Filter the listing down to the lines containing the word "linarith".
◆ ◆ ◆ ◆ ◆ ◆ ◆
lemma logloss'_le_neg_quarter:
  assumes "z \<le> 1/4" shows "logloss' z \<le> - 1/4"
proof -
  have "1 - z \<le> exp (- z)" using exp_ge_add_one_self[of "- z"] by simp
  then have "1 \<le> 3 * exp (- z)" using assms by linarith
  moreover have "0 < 1 + exp (- z)" by (simp add: add_pos_pos)
  ultimately show ?thesis unfolding logloss'_def by (simp add: divide_simps)
qed

lemma relu_le_neuron: "relu (w \<bullet> x j) \<le> neuron w x"
  unfolding neuron_def by (rule Max_ge) auto

lemma neuron_le: "(\<And>j. relu (w \<bullet> x j) \<le> B) \<Longrightarrow> neuron w x \<le> B"
  unfolding neuron_def by (subst Max_le_iff) auto

lemma neuron_nonneg: "0 \<le> neuron w x"
  using relu_le_neuron[of w x undefined] unfolding relu_def by linarith

lemma neuron_le_norm:
  assumes "\<And>j. norm (x j) \<le> 1" shows "neuron w x \<le> norm w"
proof (rule neuron_le)
  fix j
  have "w \<bullet> x j \<le> norm w * norm (x j)" by (rule norm_cauchy_schwarz)
  also have "\<dots> \<le> norm w" using assms[of j] by (simp add: mult_left_le)
  finally show "relu (w \<bullet> x j) \<le> norm w" unfolding relu_def by simp
qed

lemma pgrad_cases: "pgrad sel w x = 0 \<or> pgrad sel w x \<in> range x"
  unfolding pgrad_def by auto

lemma norm_pgrad_le: "(\<And>j. norm (x j) \<le> 1) \<Longrightarrow> norm (pgrad sel w x) \<le> 1"
  using pgrad_cases[of sel w x] by auto

lemma abs_net_le:
  assumes "\<And>i. i \<in> {1..k} \<Longrightarrow> \<bar>a i\<bar> \<le> 1 \<and> norm (W i) \<le> B"
    and "\<And>j. norm (x j) \<le> 1"
  shows "\<bar>net k W a x\<bar> \<le> k * B"
proof -
  have "\<bar>net k W a x\<bar> \<le> (\<Sum>i\<in>{1..k}. \<bar>a i * neuron (W i) x\<bar>)"
    unfolding net_def by (rule sum_abs)
  also have "\<dots> = (\<Sum>i\<in>{1..k}. \<bar>a i\<bar> * neuron (W i) x)"
    by (simp add: abs_mult neuron_nonneg)
  also have "\<dots> \<le> (\<Sum>i\<in>{1..k}. B)"
  proof (rule sum_mono)
    fix i assume "i \<in> {1..k}"
    then have "\<bar>a i\<bar> \<le> 1" "neuron (W i) x \<le> B"
      using assms neuron_le_norm[of x "W i"] by force+
    then show "\<bar>a i\<bar> * neuron (W i) x \<le> B"
      using neuron_nonneg mult_mono[of "\<bar>a i\<bar>" 1 "neuron (W i) x" B] by force
  qed
  finally show ?thesis by simp
qed
lemma five_tangent_points_frame:
  fixes p :: "nat \<Rightarrow> 4 \<Rightarrow> 'k"
  assumes a: "a \<noteq> (\<lambda>_. 0)" and t: "\<And>k. k < 5 \<Longrightarrow> tangent_point a (p k)"
    and d: "\<And>k l. k < 5 \<Longrightarrow> l < 5 \<Longrightarrow> k \<noteq> l \<Longrightarrow> proj_pt (p k) \<noteq> proj_pt (p l)"
  obtains q1 q2 q3 b where "tangent_point a q1" "tangent_point a q2" "tangent_point a q3"
    "tangent_point a (comb3 q1 q2 q3 1 1 1)" "tangent_point a (comb3 q1 q2 q3 1 b (b * b))"
    "b * b = b + 1" "proj_pt q1 \<noteq> proj_pt q2"
    "{x. lin a x = 0} = (\<lambda>(u, v, w). comb3 q1 q2 q3 u v w) ` UNIV"
proof -
  have span_p: "{x. lin a x = 0} = (\<lambda>(u, v, w). comb3 (p 0) (p 1) (p 2) u v w) ` UNIV"
    by (rule tangent_points_span_plane) (use a t d in simp_all)
  from tangent_point_in_plane[OF t[of 3]] have "p 3 \<in> {x. lin a x = 0}" by simp
  then obtain u v w where p3: "p 3 = comb3 (p 0) (p 1) (p 2) u v w" unfolding span_p by auto
  have uvw: "u \<noteq> 0" "v \<noteq> 0" "w \<noteq> 0"
    using tangent_point_coords_neq_0[OF t[of 0] t[of 1] t[of 2] t[of 3] _ _ _ _ _ _ p3]
      d[of 0 1] d[of 0 2] d[of 1 2] d[of 0 3] d[of 1 3] d[of 2 3] by simp_all
  define q1 where "q1 = (\<lambda>i. u * p 0 i)"
  define q2 where "q2 = (\<lambda>i. v * p 1 i)"
  define q3 where "q3 = (\<lambda>i. w * p 2 i)"
  have q: "tangent_point a q1" "tangent_point a q2" "tangent_point a q3"
    unfolding q1_def q2_def q3_def using tangent_point_scale t uvw by simp_all
  have proj_q: "proj_pt q1 = proj_pt (p 0)" "proj_pt q2 = proj_pt (p 1)" "proj_pt q3 = proj_pt (p 2)"
    unfolding q1_def q2_def q3_def using proj_pt_scale uvw by simp_all
  have p3_q: "p 3 = comb3 q1 q2 q3 1 1 1" unfolding p3 q1_def q2_def q3_def comb3_def by simp
  have span_q: "{x. lin a x = 0} = (\<lambda>(u, v, w). comb3 q1 q2 q3 u v w) ` UNIV"
    by (rule tangent_points_span_plane) (use a q d proj_q in simp_all)
  from tangent_point_in_plane[OF t[of 4]] have "p 4 \<in> {x. lin a x = 0}" by simp
  then obtain u' v' w' where p4: "p 4 = comb3 q1 q2 q3 u' v' w'" unfolding span_q by auto
  have "u' \<noteq> 0"
    using tangent_point_coords_neq_0[OF q t[of 4] _ _ _ _ _ _ p4] proj_q
      d[of 0 1] d[of 0 2] d[of 1 2] d[of 0 4] d[of 1 4] d[of 2 4] by simp
  then have inverse_u': "inverse u' \<noteq> 0" by simp
  define b where "b = v' / u'"
  define c where "c = w' / u'"
  define q5 where "q5 = (\<lambda>i. inverse u' * p 4 i)"
  have q5: "tangent_point a q5" unfolding q5_def by (rule tangent_point_scale[OF _ inverse_u']) (simp add: t)
  have q5_proj: "proj_pt q5 = proj_pt (p 4)" unfolding q5_def using proj_pt_scale[OF inverse_u'] .
  have q5_comb: "q5 = comb3 q1 q2 q3 1 b c"
    unfolding q5_def p4 b_def c_def comb3_def using \<open>u' \<noteq> 0\<close> by (simp add: fun_eq_iff field_simps)
  have dist: "distinct (map proj_pt [q1, q2, q3, comb3 q1 q2 q3 1 1 1, comb3 q1 q2 q3 1 b c])"
    using proj_q q5_proj d[of 0 1] d[of 0 2] d[of 0 3] d[of 0 4] d[of 1 2] d[of 1 3] d[of 1 4]
      d[of 2 3] d[of 2 4] d[of 3 4]
    by (simp add: p3_q[symmetric] q5_comb[symmetric])
  have r: "tangent_point a (comb3 q1 q2 q3 1 1 1)" using t[of 3] p3_q by simp
  have s: "tangent_point a (comb3 q1 q2 q3 1 b c)" using q5 q5_comb by simp
  from fifth_tangent_point_coords[OF q r s dist] have b: "b * b = b + 1" and c: "c = b * b" by simp_all
  show thesis
  proof (rule that[OF q r _ b _ span_q])
    show "tangent_point a (comb3 q1 q2 q3 1 b (b * b))" using q5 q5_comb c by simp
    show "proj_pt q1 \<noteq> proj_pt q2" using d[of 0 1] proj_q by simp
  qed
qed

lemma frame_zero_is_tangent_point:
  assumes q: "tangent_point a q1" "tangent_point a q2" "tangent_point a q3"
    and frame: "tangent_point a (comb3 q1 q2 q3 1 1 1)" "tangent_point a (comb3 q1 q2 q3 1 b (b * b))"
    and b: "b * b = b + 1" and q12: "proj_pt q1 \<noteq> proj_pt q2"
    and x: "comb3 q1 q2 q3 u v w \<noteq> (\<lambda>_. 0)" "F (comb3 q1 q2 q3 u v w) = 0"
  shows "tangent_point a (comb3 q1 q2 q3 u v w)"
proof -
  have base: "tangent_point a (comb3 q1 q2 q3 a1 a2 a3)" if "(a1, a2, a3) \<in> hyperoval_base b" for a1 a2 a3
  proof -
    have "comb3 q1 q2 q3 1 0 0 = q1" "comb3 q1 q2 q3 0 1 0 = q2" "comb3 q1 q2 q3 0 0 1 = q3"
      by (simp_all add: comb3_def)
    then show ?thesis using that q frame unfolding hyperoval_base_def by auto
  qed
  have in_plane: "lin a (comb3 q1 q2 q3 u v w) = 0" for u v w
    using tangent_point_in_plane[OF q(1)] tangent_point_in_plane[OF q(2)] tangent_point_in_plane[OF q(3)]
    by (simp add: lin_comb3)
  define P where "P = (\<lambda>u v w. F (comb3 q1 q2 q3 u v w))"
  interpret hyperoval_function b P
  proof unfold_locales
    show "CARD('k) = 4" "b * b = b + 1" by (fact card_gf4, fact b)
    show "P (c * x1) (c * x2) (c * x3) = c * P x1 x2 x3" for c x1 x2 x3
      unfolding P_def comb3_scale F_scale ..
    show "P a1 a2 a3 = 0" if "(a1, a2, a3) \<in> hyperoval_base b" for a1 a2 a3
      using base[OF that] unfolding P_def tangent_point_def by simp
    show "P (a1 + t * b1) (a2 + t * b2) (a3 + t * b3) = t * t * P (a1 + b1) (a2 + b2) (a3 + b3)"
      if "(a1, a2, a3) \<in> hyperoval_base b" "(b1, b2, b3) \<in> hyperoval_base b" for a1 a2 a3 b1 b2 b3 t
      unfolding P_def comb3_add comb3_scale[symmetric]
      using F_secant[OF base[OF that(1)] base[OF that(2)], of t] by (simp add: comb3_scale)
    show "P (a1 + y1) (a2 + y2) (a3 + y3) + (b + 1) * P (a1 + b * y1) (a2 + b * y2) (a3 + b * y3)
        + b * P (a1 + (b + 1) * y1) (a2 + (b + 1) * y2) (a3 + (b + 1) * y3) = P y1 y2 y3"
      if "(a1, a2, a3) \<in> hyperoval_base b" for a1 a2 a3 y1 y2 y3
      unfolding P_def comb3_add comb3_scale[symmetric]
      using F_tangent_relation[OF base[OF that] in_plane[of y1 y2 y3] b] by (simp add: comb3_scale)
  qed
  have "P u v w = 0" unfolding P_def by (rule x(2))
  then consider "u = 0 \<and> v = 0 \<and> w = 0"
    | c a1 a2 a3 where "(a1, a2, a3) \<in> hyperoval_base b" "u = c * a1" "v = c * a2" "w = c * a3"
    | "P 1 1 0 = 0"
    using zero_cases by blast
  then show ?thesis
  proof cases
    case 1 then show ?thesis using x(1) unfolding comb3_def by simp
  next
    case (2 c a1 a2 a3)
    then have "comb3 q1 q2 q3 u v w = (\<lambda>i. c * comb3 q1 q2 q3 a1 a2 a3 i)" by (simp add: comb3_scale)
    moreover from this have "c \<noteq> 0" using x(1) by auto
    ultimately show ?thesis using tangent_point_scale[OF base[OF 2(1)]] by simp
  next
    case 3
    then show ?thesis using F_add_tangent_points_neq_0[OF q(1,2) q12] unfolding P_def comb3_def by simp
  qed
qed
◆ ◆ ◆ ◆ ◆ ◆ ◆
- _OUTPUT OF THE EXERCISE_
  then have "1 \<le> 3 * exp (- z)" using assms by linarith
  using relu_le_neuron[of w x undefined] unfolding relu_def by linarith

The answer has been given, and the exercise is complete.